The objectives of this demo are to 1) introduce the four goals that we would like to achieve by developing this cluster counting module, 2) explain the algorithms for each goal, and 3) demonstrate the procedures to achieve each goal with examples. This report includes five parts as below.

1. Introduction
2. Goal One - Identify Distinct Clusters (understand the lattice/structure)
3. Goal Two - Count Clusters
4. Goal Three - Generate Random Structures With/Without Rules
5. Goal Four - Titrate Clusters

### Introduction

The reactivity of meterials always depends on the distribution of important groups of atoms. Here we will refer the important groups of atoms as clusters. Given the bulk material property, such as the element ratio, we want to compute the distributions of the clusters in order to quantitatively understand the reactivity. The ultimate goal of this cluster counting module is to statistically compute the cluster distributions for different conditions, such as different crystal structures, different rules for atom locations, and different counting and titration priorities. This ultimate goal can be further divided into four specific goals. First, given a crystal structure, we want to understand the lattice and be able to identify distinct clusters. Next, we want to be able to count different type of clusters given a structure configuration (which specifies the atom type at each site). Thirdly, we would like to generate randome structure configurations for any given element ratio.
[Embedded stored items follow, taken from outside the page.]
lemma ringed_iso_pullback_induced_sheaf:
  assumes iso: "ringed_iso T1 F1 T2 F2 \<phi> \<psi>" and S: "S \<subseteq> topspace T1"
    and W: "openin (subtopology T1 S) (S \<inter> \<phi> -` V)"
    and ind: "induced_sheaf T2 F2 (\<phi> ` S) V g"
  shows "induced_sheaf T1 F1 S (S \<inter> \<phi> -` V) (g \<circ> \<phi>)"
  unfolding induced_sheaf_def
proof (intro conjI W ballI)
  have hom: "homeomorphic_maps T1 T2 \<phi> \<psi>" using iso by (simp add: ringed_iso_def)
  fix x assume x: "x \<in> S \<inter> \<phi> -` V"
  then obtain V0 g0 where V0: "openin T2 V0" "\<phi> x \<in> V0" "F2 V0 g0" "\<forall>y\<in>V0 \<inter> V. g y = g0 y"
    using ind unfolding induced_sheaf_def by blast
  have "F1 (topspace T1 \<inter> \<phi> -` V0) (g0 \<circ> \<phi>)"
    using ringed_iso_sections[OF iso V0(1)] V0(3) by blast
  moreover have "x \<in> topspace T1 \<inter> \<phi> -` V0" using x S V0(2) by auto
  moreover have "\<forall>z\<in>(topspace T1 \<inter> \<phi> -` V0) \<inter> (S \<inter> \<phi> -` V). (g \<circ> \<phi>) z = (g0 \<circ> \<phi>) z"
    using V0(4) by auto
  ultimately show "\<exists>U h. openin T1 U \<and> x \<in> U \<and> F1 U h \<and>
      (\<forall>z\<in>U \<inter> (S \<inter> \<phi> -` V). (g \<circ> \<phi>) z = h z)"
    using homeomorphic_maps_openin_preimage[OF hom V0(1)] by blast
qed

text \<open>The candidate local section near \<open>y\<close> is \<open>h \<circ> \<psi>\<close>; that it is a section of \<open>F2\<close> uses that
  \<open>h \<circ> \<psi> \<circ> \<phi>\<close> agrees with \<open>h\<close>, which is where the sheaf property of \<open>F1\<close> enters.\<close>
lemma ringed_iso_pushforward_induced_sheaf:
  assumes F1: "sheaf_of_functions T1 F1" and iso: "ringed_iso T1 F1 T2 F2 \<phi> \<psi>"
    and S: "S \<subseteq> topspace T1" and V: "openin (subtopology T2 (\<phi> ` S)) V"
    and ind: "induced_sheaf T1 F1 S (S \<inter> \<phi> -` V) (g \<circ> \<phi>)"
  shows "induced_sheaf T2 F2 (\<phi> ` S) V g"
  unfolding induced_sheaf_def
proof (intro conjI V ballI)
  have hom: "homeomorphic_maps T1 T2 \<phi> \<psi>" using iso by (simp add: ringed_iso_def)
  then have \<phi>: "\<And>x. x \<in> topspace T1 \<Longrightarrow> \<phi> x \<in> topspace T2 \<and> \<psi> (\<phi> x) = x"
    and \<psi>: "\<And>y. y \<in> topspace T2 \<Longrightarrow> \<psi> y \<in> topspace T1"
    unfolding homeomorphic_maps_def continuous_map_def by auto
  have \<psi>V: "\<psi> y \<in> S \<inter> \<phi> -` V \<and> \<phi> (\<psi> y) = y" if y: "y \<in> V" for y
  proof -
    obtain x where "x \<in> S" "y = \<phi> x" using y openin_subset[OF V] by auto
    then show ?thesis using S \<phi> y by auto
  qed
  fix y assume y: "y \<in> V"
  then obtain U h where U: "openin T1 U" "\<psi> y \<in> U" "F1 U h"
      "\<forall>z\<in>U \<inter> (S \<inter> \<phi> -` V). (g \<circ> \<phi>) z = h z"
    using ind \<psi>V unfolding induced_sheaf_def by blast
  define V0 where "V0 = topspace T2 \<inter> \<psi> -` U"
  have V0: "openin T2 V0"
    unfolding V0_def using hom U(1) by (rule homeomorphic_maps_openin_preimage[OF homeomorphic_maps_sym[THEN iffD1]])
  have "topspace T1 \<inter> \<phi> -` V0 = U"
    using openin_subset[OF U(1)] \<phi> \<psi> by (auto simp: V0_def)
  moreover have "F1 U (h \<circ> \<psi> \<circ> \<phi>) = F1 U h"
    by (rule sheaf_of_functions_cong[OF F1 U(1)]) (use openin_subset[OF U(1)] \<phi> in auto)
  ultimately have "F2 V0 (h \<circ> \<psi>)" using U(3) by (simp only: ringed_iso_sections[OF iso V0])
  moreover have "y \<in> V0"
    using y U(2) openin_subset[OF V] by (auto simp: V0_def)
  moreover have "g z = (h \<circ> \<psi>) z" if z: "z \<in> V0 \<inter> V" for z
  proof -
    have "\<psi> z \<in> U \<inter> (S \<inter> \<phi> -` V)" using \<psi>V[of z] z by (auto simp: V0_def)
    then have "(g \<circ> \<phi>) (\<psi> z) = h (\<psi> z)" using U(4) by blast
    then show ?thesis using \<psi>V[of z] z by simp
  qed
  ultimately show "\<exists>V0 g0. openin T2 V0 \<and> y \<in> V0 \<and> F2 V0 g0 \<and> (\<forall>z\<in>V0 \<inter> V. g z = g0 z)"
    using V0 by blast
qed

lemma ringed_iso_induced_sheaf:
  assumes F1: "sheaf_of_functions T1 F1" and iso: "ringed_iso T1 F1 T2 F2 \<phi> \<psi>"
    and S: "S \<subseteq> topspace T1"
  shows "ringed_iso (subtopology T1 S) (induced_sheaf T1 F1 S)
    (subtopology T2 (\<phi> ` S)) (induced_sheaf T2 F2 (\<phi> ` S)) \<phi> \<psi>"
proof -
  have hom: "homeomorphic_maps T1 T2 \<phi> \<psi>" using iso by (simp add: ringed_iso_def)
  have homS: "homeomorphic_maps (subtopology T1 S) (subtopology T2 (\<phi> ` S)) \<phi> \<psi>"
    by (rule homeomorphic_maps_subtopologies[OF hom])
      (use S hom in \<open>auto simp: homeomorphic_maps_def continuous_map_def\<close>)
  have tsS: "topspace (subtopology T1 S) = S" using S by auto
  have "openin (subtopology T1 S) (S \<inter> \<phi> -` V)" if "openin (subtopology T2 (\<phi> ` S)) V" for V
    using homeomorphic_maps_openin_preimage[OF homS that] tsS by simp
  then show ?thesis
    unfolding ringed_iso_def tsS
    using homS ringed_iso_pullback_induced_sheaf[OF iso S]
      ringed_iso_pushforward_induced_sheaf[OF F1 iso S] by blast
qed

subsection \<open>Closed subsets of affine opens\<close>

lemma ringed_iso_Int_closedin:
  assumes F: "sheaf_of_functions T F" and A: "openin T A" and Z: "closedin T Z"
    and FA: "sheaf_of_functions (subtopology T A) (open_restrict F A)"
    and Y: "algebraic_set n Y"
    and iso: "ringed_iso (subtopology T A) (open_restrict F A) (zariski n Y) (regular n Y) \<phi> \<psi>"
  defines "Y' \<equiv> \<phi> ` (A \<inter> Z)"
  shows "algebraic_set n Y' \<and>
    ringed_iso (subtopology T (A \<inter> Z)) (open_restrict (induced_sheaf T F Z) (A \<inter> Z))
      (zariski n Y') (regular n Y') \<phi> \<psi>"
proof -
  have YR: "Y \<subseteq> Rn n" using Y by (rule algebraic_set_subset_Rn)
  have hom: "homeomorphic_map (subtopology T A) (zariski n Y) \<phi>"
    using iso[unfolded ringed_iso_def, THEN conjunct1] homeomorphic_maps_map by blast
  have tsA: "topspace (subtopology T A) = A" using openin_subset[OF A] by auto
  have AZ: "A \<inter> Z \<subseteq> topspace (subtopology T A)" using tsA by blast
  have "closedin (subtopology T A) (A \<inter> Z)" using Z by (rule closedin_subtopology_Int_closed)
  then have Y'_closed: "closedin (zariski n Y) Y'"
    unfolding Y'_def using homeomorphic_map_closedness[OF hom AZ] by blast
  have Y'Y: "Y' \<subseteq> Y"
    using closedin_subset[OF Y'_closed] topspace_zariski[OF YR] by simp
  have "ringed_iso (subtopology T (A \<inter> Z)) (open_restrict (induced_sheaf T F Z) (A \<inter> Z))
      (zariski n Y') (regular n Y') \<phi> \<psi>"
    using ringed_iso_induced_sheaf[OF FA iso AZ, folded Y'_def]
    by (simp only: subtopology_subtopology Int_left_absorb open_restrict_induced_sheaf[OF F A, symmetric]
        zariski_subset[OF YR Y'Y, symmetric] regular_eq_induced_sheaf[OF YR Y'Y, symmetric])
  then show ?thesis
    using Y'_closed Y by (blast intro: algebraic_set_closedin_zariski)
qed

lemma affine_open_Int_closedin:
  assumes F: "sheaf_of_functions T F" and Z: "closedin T Z" and A: "affine_open T F A"
  shows "affine_open (subtopology T Z) (induced_sheaf T F Z) (A \<inter> Z)"
proof -
  have A_open: "openin T A"
    and FA: "sheaf_of_functions (subtopology T A) (open_restrict F A)"
    and "\<exists>n Y \<phi> \<psi>. algebraic_set n Y \<and>
      ringed_iso (subtopology T A) (open_restrict F A) (zariski n Y) (regular n Y) \<phi> \<psi>"
    using A unfolding affine_open_def affine_variety_def by blast+
  then obtain n Y \<phi> \<psi> where Y: "algebraic_set n Y"
    and iso: "ringed_iso (subtopology T A) (open_restrict F A) (zariski n Y) (regular n Y) \<phi> \<psi>"
    by blast
  have "sheaf_of_functions (subtopology (subtopology T A) (A \<inter> Z))
      (induced_sheaf (subtopology T A) (open_restrict F A) (A \<inter> Z))"
    by (rule sheaf_of_functions_induced_sheaf[OF FA])
  then have "sheaf_of_functions (subtopology T (A \<inter> Z)) (open_restrict (induced_sheaf T F Z) (A \<inter> Z))"
    by (simp only: subtopology_subtopology Int_left_absorb
        open_restrict_induced_sheaf[OF F A_open, symmetric])
  moreover have "openin (subtopology T Z) (A \<inter> Z)"
    using A_open by (simp add: openin_subtopology_Int)
  ultimately show ?thesis
    using ringed_iso_Int_closedin[OF F A_open Z FA Y iso]
    unfolding affine_open_def affine_variety_def subtopology_subtopology
    by (auto simp: Int_absorb1 Int_commute)
qed

subsection \<open>Schwartz functions\<close>

lemma schwartz_affine_Int_closedin:
  assumes F: "sheaf_of_functions T F" and Z: "closedin T Z" and A: "affine_open T F A"
    and s: "schwartz_affine (subtopology T A) (open_restrict F A) s"
  shows "schwartz_affine (subtopology (subtopology T Z) (A \<inter> Z))
    (open_restrict (induced_sheaf T F Z) (A \<inter> Z)) s"
proof -
  have A_open: "openin T A"
    and FA: "sheaf_of_functions (subtopology T A) (open_restrict F A)"
    using A unfolding affine_open_def affine_variety_def by blast+
  obtain n Y \<phi> \<psi> g where Y: "algebraic_set n Y"
    and iso: "ringed_iso (subtopology T A) (open_restrict F A) (zariski n Y) (regular n Y) \<phi> \<psi>"
    and g: "schwartz_Rn n g" "\<forall>x\<in>topspace (subtopology T A). s x = g (\<phi> x)"
    using s unfolding schwartz_affine_def by blast
  have "\<forall>x\<in>topspace (subtopology T (A \<inter> Z)). s x = g (\<phi> x)" using g(2) by auto
  then have "schwartz_affine (subtopology T (A \<inter> Z)) (open_restrict (induced_sheaf T F Z) (A \<inter> Z)) s"
    using ringed_iso_Int_closedin[OF F A_open Z FA Y iso] g(1)
    unfolding schwartz_affine_def by blast
  then show ?thesis by (simp add: subtopology_subtopology Int_commute Int_left_commute)
qed

lemma ext0_sum_ext0:
  "ext0 Z (\<lambda>x. \<Sum>k\<in>I. ext0 (X k) (s k) x) = (\<lambda>x. \<Sum>k\<in>I. ext0 (X k \<inter> Z) (s k) x)"
  by (auto simp: ext0_def fun_eq_iff intro!: sum.cong)

theorem proposition5p3:
  fixes T :: "'a topology" and F :: "'a set \<Rightarrow> ('a \<Rightarrow> real) \<Rightarrow> bool"
    and Z :: "'a set" and s :: "'a \<Rightarrow> real"
  assumes "algebraic_variety T F"
    and "closedin T Z"
    and "s \<in> schwartz T F"
  shows "ext0 Z s \<in> schwartz (subtopology T Z) (induced_sheaf T F Z)"
proof -
  have F: "sheaf_of_functions T F" using assms(1) by (simp add: algebraic_variety_def)
  obtain I :: "nat set" and X sk where I: "finite I"
    and X: "\<forall>k\<in>I. affine_open T F (X k)" "(\<Union>k\<in>I. X k) = topspace T"
    and sk: "\<forall>k\<in>I. schwartz_affine (subtopology T (X k)) (open_restrict F (X k)) (sk k)"
    and s: "s = (\<lambda>x. \<Sum>k\<in>I. ext0 (X k) (sk k) x)"
    using assms(3) unfolding schwartz_def by blast
  have "\<forall>k\<in>I. affine_open (subtopology T Z) (induced_sheaf T F Z) (X k \<inter> Z)"
    using affine_open_Int_closedin[OF F assms(2)] X(1) by blast
  moreover have "\<forall>k\<in>I. schwartz_affine (subtopology (subtopology T Z) (X k \<inter> Z))
      (open_restrict (induced_sheaf T F Z) (X k \<inter> Z)) (sk k)"
    using schwartz_affine_Int_closedin[OF F assms(2)] X(1) sk by blast
  moreover have "(\<Union>k\<in>I. X k \<inter> Z) = topspace (subtopology T Z)" using X(2) by auto
  ultimately show ?thesis
    unfolding schwartz_def mem_Collect_eq s ext0_sum_ext0 using I
    by (intro exI[of _ I] exI[of _ "\<lambda>k. X k \<inter> Z"] exI[of _ sk]) blast
qed

end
Last, we want to titrate clusters one by one to avoid double counting clusters that share sites with each other. 

### Goal One - Identify Distinct Clusters (understand the lattice/structure)

Algorithm 

To understand the distribution of clusters, we first need to distinguish between different clusters. Clusters differ from each other based on atom distances and symmetries. 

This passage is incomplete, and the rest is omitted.